Instructions to follow:
Copy out each line below in which the string "longrightarrow" appears.

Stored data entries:
◇ ◇ ◇ ◇ ◇ ◇ ◇
(* Let $G$ be a group, $\mathcal{C}$ a (strict) monoidal category and $T$ a partial action of $G$ on $\mathcal{C}$ generated by a family of central idempotent objects $\{\mathbb{1}_g\}_{g\in G}$. Then for all $g,h\in G$ there is an isomorphism $\varphi^g_{gh}\colon\mathbb{1}_g\otimes\mathbb{1}_{gh}\to T_g(\mathbb{1}_{g^{-1}}\otimes\mathbb{1}_h)$.
   Context: Central idempotent: an object $e$ of $\mathcal{C}$ with an isomorphism $\Phi_e\colon e\otimes e\to e$ and a natural isomorphism $\sigma^e\colon e\otimes-\Rightarrow-\otimes e$ satisfying $\Phi_e(e\otimes\Phi_e)=\Phi_e(\Phi_e\otimes e)$, $\Phi_e\sigma^e_e=\Phi_e$, $(A\otimes\Phi_e)(\sigma^e_A\otimes e)(e\otimes\sigma^e_A)=\sigma^e_A(\Phi_e\otimes A)$ and $\sigma^e_{A\otimes B}=(A\otimes\sigma^e_B)(\sigma^e_A\otimes B)$. For a subcategory $\mathcal{D}$, $\overline{\mathcal{D}}$ is the smallest subcategory containing $\mathcal{D}$ closed under isomorphisms; $e\otimes\mathcal{C}$ is the subcategory of objects $e\otimes X$ and morphisms $e\otimes f$. For a central idempotent $e$, $\overline{e\otimes\mathcal{C}}$ is an ideal of $\mathcal{C}$ (closed under isomorphisms and under tensoring on either side by arbitrary objects) and is a monoidal category with unit $e$. A partial action of $G$ on $\mathcal{C}$ generated by central idempotents $\{\mathbb{1}_g\}_{g\in G}$ consists of: the ideals $\mathcal{C}_g=\overline{\mathbb{1}_g\otimes\mathcal{C}}$ with $\mathbb{1}_e=\mathbb{1}$ the unit of $\mathcal{C}$ (so $\mathcal{C}_e=\mathcal{C}$); monoidal equivalences $(T_g,J^g)\colon\mathcal{C}_{g^{-1}}\to\mathcal{C}_g$, where $J^g\colon T_g(-)\otimes T_g(-)\Rightarrow T_g(-\otimes-)$ is a natural isomorphism satisfying the hexagon axiom and there is an isomorphism $\varphi^g\colon\mathbb{1}_g\to T_g(\mathbb{1}_{g^{-1}})$ compatible with the unit constraints; such that the restriction of $T_g$ to $\mathcal{C}_{g^{-1}}\cap\mathcal{C}_h$ is a semigroupal (here monoidal) equivalence onto $\mathcal{C}_g\cap\mathcal{C}_{gh}$; a natural isomorphism of semigroupal functors $u\colon\mathrm{Id}_{\mathcal{C}}\Rightarrow T_e$ (i.e. $J^e_{X,Y}\circ(u_X\otimes u_Y)=u_{X\otimes Y}$); and natural isomorphisms $\gamma_{g,h}\colon T_gT_h\Rightarrow T_{gh}$ of functors $\mathcal{C}_{h^{-1}}\cap\mathcal{C}_{h^{-1}g^{-1}}\to\mathcal{C}_g\cap\mathcal{C}_{gh}$ satisfying $J^{gh}_{X,Y}\circ((\gamma_{g,h})_X\otimes(\gamma_{g,h})_Y)=(\gamma_{g,h})_{X\otimes Y}\circ T_g(J^h_{X,Y})\circ J^g_{T_h(X),T_h(Y)}$; moreover $(\gamma_{gh,k})_X\circ(\gamma_{g,h})_{T_k(X)}=(\gamma_{g,hk})_X\circ T_g((\gamma_{h,k})_X)$ for $X\in\mathcal{C}_{k^{-1}}\cap\mathcal{C}_{k^{-1}h^{-1}}\cap\mathcal{C}_{k^{-1}h^{-1}g^{-1}}$, and for $X\in\mathcal{C}_{g^{-1}}$ the morphisms $u_{T_g(X)}$ and $(\gamma_{e,g})_X$ are mutually inverse, as are $T_g(u_X)$ and $(\gamma_{g,e})_X$. *)

theory Defs
  imports Main
begin

record ('o, 'm) mcat =
  Ob  :: "'o set"
  Ar  :: "'m set"
  src :: "'m \<Rightarrow> 'o"
  tgt :: "'m \<Rightarrow> 'o"
  idm :: "'o \<Rightarrow> 'm"
  cmp :: "'m \<Rightarrow> 'm \<Rightarrow> 'm"   (* cmp C g f = g \<circ> f *)
  tno :: "'o \<Rightarrow> 'o \<Rightarrow> 'o"
  tnm :: "'m \<Rightarrow> 'm \<Rightarrow> 'm"
  unt :: "'o"

definition hom :: "('o,'m) mcat \<Rightarrow> 'm \<Rightarrow> 'o \<Rightarrow> 'o \<Rightarrow> bool" where
  "hom C f X Y \<longleftrightarrow> f \<in> Ar C \<and> src C f = X \<and> tgt C f = Y"

definition strict_monoidal_cat :: "('o,'m) mcat \<Rightarrow> bool" where
  "strict_monoidal_cat C \<longleftrightarrow>
     (\<forall>f\<in>Ar C. src C f \<in> Ob C \<and> tgt C f \<in> Ob C)
   \<and> (\<forall>X\<in>Ob C. hom C (idm C X) X X)
   \<and> (\<forall>f\<in>Ar C. \<forall>g\<in>Ar C. src C g = tgt C f \<longrightarrow> hom C (cmp C g f) (src C f) (tgt C g))
   \<and> (\<forall>f\<in>Ar C. cmp C f (idm C (src C f)) = f \<and> cmp C (idm C (tgt C f)) f = f)
   \<and> (\<forall>f\<in>Ar C. \<forall>g\<in>Ar C. \<forall>h\<in>Ar C. src C g = tgt C f \<and> src C h = tgt C g \<longrightarrow>
         cmp C h (cmp C g f) = cmp C (cmp C h g) f)
   \<and> unt C \<in> Ob C
   \<and> (\<forall>X\<in>Ob C. \<forall>Y\<in>Ob C. tno C X Y \<in> Ob C)
   \<and> (\<forall>f\<in>Ar C. \<forall>g\<in>Ar C. hom C (tnm C f g) (tno C (src C f) (src C g)) (tno C (tgt C f) (tgt C g)))
   \<and> (\<forall>X\<in>Ob C. \<forall>Y\<in>Ob C. tnm C (idm C X) (idm C Y) = idm C (tno C X Y))
   \<and> (\<forall>f\<in>Ar C. \<forall>f'\<in>Ar C. \<forall>g\<in>Ar C. \<forall>g'\<in>Ar C. src C f' = tgt C f \<and> src C g' = tgt C g \<longrightarrow>
         tnm C (cmp C f' f) (cmp C g' g) = cmp C (tnm C f' g') (tnm C f g))
   \<and> (\<forall>X\<in>Ob C. \<forall>Y\<in>Ob C. \<forall>Z\<in>Ob C. tno C (tno C X Y) Z = tno C X (tno C Y Z))
   \<and> (\<forall>X\<in>Ob C. tno C (unt C) X = X \<and> tno C X (unt C) = X)
   \<and> (\<forall>f\<in>Ar C. \<forall>g\<in>Ar C. \<forall>h\<in>Ar C. tnm C (tnm C f g) h = tnm C f (tnm C g h))
   \<and> (\<forall>f\<in>Ar C. tnm C (idm C (unt C)) f = f \<and> tnm C f (idm C (unt C)) = f)"

definition iso_in :: "('o,'m) mcat \<Rightarrow> 'm set \<Rightarrow> 'm \<Rightarrow> bool" where
  "iso_in C M f \<longleftrightarrow> f \<in> M \<and> (\<exists>g\<in>M. src C g = tgt C f \<and> tgt C g = src C f \<and>
       cmp C g f = idm C (src C f) \<and> cmp C f g = idm C (tgt C f))"

definition iso_arr :: "('o,'m) mcat \<Rightarrow> 'm \<Rightarrow> bool" where
  "iso_arr C f \<longleftrightarrow> iso_in C (Ar C) f"

definition central_idempotent :: "('o,'m) mcat \<Rightarrow> 'o \<Rightarrow> 'm \<Rightarrow> ('o \<Rightarrow> 'm) \<Rightarrow> bool" where
  "central_idempotent C e \<Phi> \<sigma> \<longleftrightarrow>
     e \<in> Ob C
   \<and> hom C \<Phi> (tno C e e) e \<and> iso_arr C \<Phi>
   \<and> (\<forall>A\<in>Ob C. hom C (\<sigma> A) (tno C e A) (tno C A e) \<and> iso_arr C (\<sigma> A))
   \<and> (\<forall>f\<in>Ar C. cmp C (\<sigma> (tgt C f)) (tnm C (idm C e) f) = cmp C (tnm C f (idm C e)) (\<sigma> (src C f)))
   \<and> cmp C \<Phi> (tnm C (idm C e) \<Phi>) = cmp C \<Phi> (tnm C \<Phi> (idm C e))
   \<and> cmp C \<Phi> (\<sigma> e) = \<Phi>
   \<and> (\<forall>A\<in>Ob C. cmp C (cmp C (tnm C (idm C A) \<Phi>) (tnm C (\<sigma> A) (idm C e))) (tnm C (idm C e) (\<sigma> A))
                 = cmp C (\<sigma> A) (tnm C \<Phi> (idm C A)))
   \<and> (\<forall>A\<in>Ob C. \<forall>B\<in>Ob C. \<sigma> (tno C A B) = cmp C (tnm C (idm C A) (\<sigma> B)) (tnm C (\<sigma> A) (idm C B)))"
◇ ◇ ◇ ◇ ◇ ◇ ◇
Response below:
   \<and> (\<forall>f\<in>Ar C. \<forall>g\<in>Ar C. src C g = tgt C f \<longrightarrow> hom C (cmp C g f) (src C f) (tgt C g))
   \<and> (\<forall>f\<in>Ar C. \<forall>g\<in>Ar C. \<forall>h\<in>Ar C. src C g = tgt C f \<and> src C h = tgt C g \<longrightarrow>
   \<and> (\<forall>f\<in>Ar C. \<forall>f'\<in>Ar C. \<forall>g\<in>Ar C. \<forall>g'\<in>Ar C. src C f' = tgt C f \<and> src C g' = tgt C g \<longrightarrow>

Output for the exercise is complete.